眼見店內掌櫃夥計和客人全都嚇得跑光了,孔葉不禁更加得意了起來,又嘿嘿笑道:「要不是你爹爹那邊忽然鬧出了一場爆炸,當初事情也不至於如此!要不是千歲爺不想惹事,你以為你能在黃村躲到今天?背主乃是該打死的大罪,要不是千歲爺援手,你們一家早就死了!千歲爺如今正愁沒有合適的丫頭能送給壽光王,讓我去採買幾個,誰知道偏巧就撞上了你。你娘是王府下葬,你爹是王府出錢贖的罪,你就不該報咱們王府的恩德?」
冷笑一聲便使勁把翠墨往外拖。快到門口時,他忽然感到肩膀上搭了一隻沉甸甸的手,一時之間竟是無法動彈。氣急敗壞的他惡狠狠地回過頭,罵罵咧咧地吐出了幾個髒字,卻看清了後頭出手那漢子的服色。精悍健壯的體格也就罷了,可金鵝帽和寶相花大襖以及皂紋靴卻是錦衣衛校尉的招牌服飾。
忖度自己的主子也不願意惹上錦衣衛,孔葉只得恨恨地放下了手,卻仍是不願意就此放過好容易逮著的人。須臾,那幾個錦衣衛校尉左右讓開,卻是一個年輕人慢悠悠地踱了進來。只見他身穿大紅五彩雲霞紋的錦袍,腳踏鹿皮靴,面白無鬚,只是眼神中透著陰鶩。由於常常跟著各方勳貴官員打交道,他一下子就認出了這個人,那盛氣登時少了一半。
倘若是從前,打著左右逢源主意的陸豐看到剛剛這種情形必定是當作沒看到,但他剛剛和張越分手,已經下定了決心,走到近前便眯縫眼睛淡淡地說道:「這兒是京師,你們兩個大庭廣眾之下對一個姑娘家拉拉扯扯的,難道就不怕敗壞安陽王的名聲?」
驚魂未定的翠墨髮現有人出面解圍,頓時鬆了一口大氣。她卻不敢在這裡久留,挪動了幾步就趕緊一頭逃出了萬香齋。踉踉蹌蹌奔出了十幾步,她聽到身後依稀傳來了一個叫嚷聲,頓時更加慌張了起來,瞧見旁邊有一條小巷就慌不擇路地跑了進去。好容易來到小巷的盡頭,感到背後不遠處彷彿有好些腳步聲,她更是本能地往前奔去,險些一頭撞上了別人。
「姑娘走路也該小心些……咦,你是翠墨?」
聽得這個聲音,翠墨這才抬起頭,認出那人頓時大喜。來不及解說,她就看到一輛馬車停在那人旁邊,慌忙爬上車去。而忽然遇到這種古怪的情形,張越不禁四下裡望了望,發現並沒有人攆在這丫頭身後,心中頓得奇怪,忖度片刻方才一撩袍角上了車。

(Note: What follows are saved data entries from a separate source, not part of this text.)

lemma sum_load_le_if_confined:
  assumes finB1: "finite B1" and finB2: "finite B2" and finS1: "finite S1" and finS2: "finite S2"
    and U1: "U \<subseteq> S1" and U2: "U \<subseteq> S2"
    and feas1: "feasible_alloc E B1 S1 x1 y1" and feas2: "feasible_alloc E B2 S2 x2 y2"
    and confined: "\<And>i s. i \<in> B2 \<Longrightarrow> s \<in> U \<Longrightarrow> 0 < y2 s i \<Longrightarrow>
                          i \<in> B1 \<and> x2 i \<le> x1 i \<and> (\<forall>r\<in>S1 - U. y1 r i = 0)"
  shows "(\<Sum>s\<in>U. load B2 y2 s) \<le> (\<Sum>s\<in>U. load B1 y1 s)"
proof -
  have nonneg1: "\<And>s i. s \<in> S1 \<Longrightarrow> i \<in> B1 \<Longrightarrow> 0 \<le> y1 s i"
    and sum1: "\<And>i. i \<in> B1 \<Longrightarrow> (\<Sum>s\<in>S1. y1 s i) = x1 i"
    using feas1 unfolding feasible_alloc_def by auto
  have nonneg2: "\<And>s i. s \<in> S2 \<Longrightarrow> i \<in> B2 \<Longrightarrow> 0 \<le> y2 s i"
    and sum2: "\<And>i. i \<in> B2 \<Longrightarrow> (\<Sum>s\<in>S2. y2 s i) = x2 i"
    using feas2 unfolding feasible_alloc_def by auto
  have buyer: "(\<Sum>s\<in>U. y2 s i) \<le> (if i \<in> B1 then \<Sum>s\<in>U. y1 s i else 0)" if i: "i \<in> B2" for i
  proof (cases "\<exists>s\<in>U. 0 < y2 s i")
    case False
    then have "(\<Sum>s\<in>U. y2 s i) = 0"
      using nonneg2 i U2 by (intro sum.neutral) (force simp: not_less)
    then show ?thesis using nonneg1 U1 by (auto intro: sum_nonneg)
  next
    case True
    then obtain s where "s \<in> U" "0 < y2 s i" by blast
    with confined i have i1: "i \<in> B1" and x: "x2 i \<le> x1 i" and out: "\<forall>r\<in>S1 - U. y1 r i = 0"
      by auto
    have "(\<Sum>s\<in>U. y2 s i) \<le> (\<Sum>s\<in>S2. y2 s i)"
      using nonneg2 i by (intro sum_mono2[OF finS2 U2]) auto
    also have "\<dots> \<le> (\<Sum>s\<in>S1. y1 s i)" using sum1 sum2 i i1 x by simp
    also have "\<dots> = (\<Sum>s\<in>U. y1 s i)"
      using out by (intro sum.mono_neutral_right[OF finS1 U1]) auto
    finally show ?thesis using i1 by simp
  qed
  have "(\<Sum>s\<in>U. load B2 y2 s) = (\<Sum>i\<in>B2. \<Sum>s\<in>U. y2 s i)"
    unfolding load_def by (rule sum.swap)
  also have "\<dots> \<le> (\<Sum>i\<in>B2. if i \<in> B1 then \<Sum>s\<in>U. y1 s i else 0)"
    using buyer by (rule sum_mono)
  also have "\<dots> = (\<Sum>i\<in>B2 \<inter> B1. \<Sum>s\<in>U. y1 s i)"
    using finB2 by (simp add: sum.inter_restrict)
  also have "\<dots> \<le> (\<Sum>i\<in>B1. \<Sum>s\<in>U. y1 s i)"
    using nonneg1 U1 by (intro sum_mono2[OF finB1]) (auto intro: sum_nonneg)
  also have "\<dots> = (\<Sum>s\<in>U. load B1 y1 s)"
    unfolding load_def by (rule sum.swap)
  finally show ?thesis .
qed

上車之後,他就看到翠墨抱著膝蓋縮在車子角落裡,身子仍在簌簌發抖,當下竟是想起了當初大相國寺那個怯生生連話都不太會說的小女孩。輕輕喚了一聲之後,見她抬起了頭,他就開口問道:「外頭沒人追你,你怎麼這般模樣?」
翠墨卻好似完全沒聽見似的,竟是更緊地抱住了雙膝,嘴裡不停地喃喃自語了起來。孟家的男男女女要為孟賢和吳夫人守孝,而她也一直都是渾身縞素。除了孟敏和孟韜孟繁兄弟之外,沒人知道她是在為死去的爹孃守孝。她一直都強迫自己忘記父母的死,可今天遇上了孔葉,那些一直被她死死摁著的往事一下子全都翻湧上了心頭,讓她幾乎陷入了瘋狂。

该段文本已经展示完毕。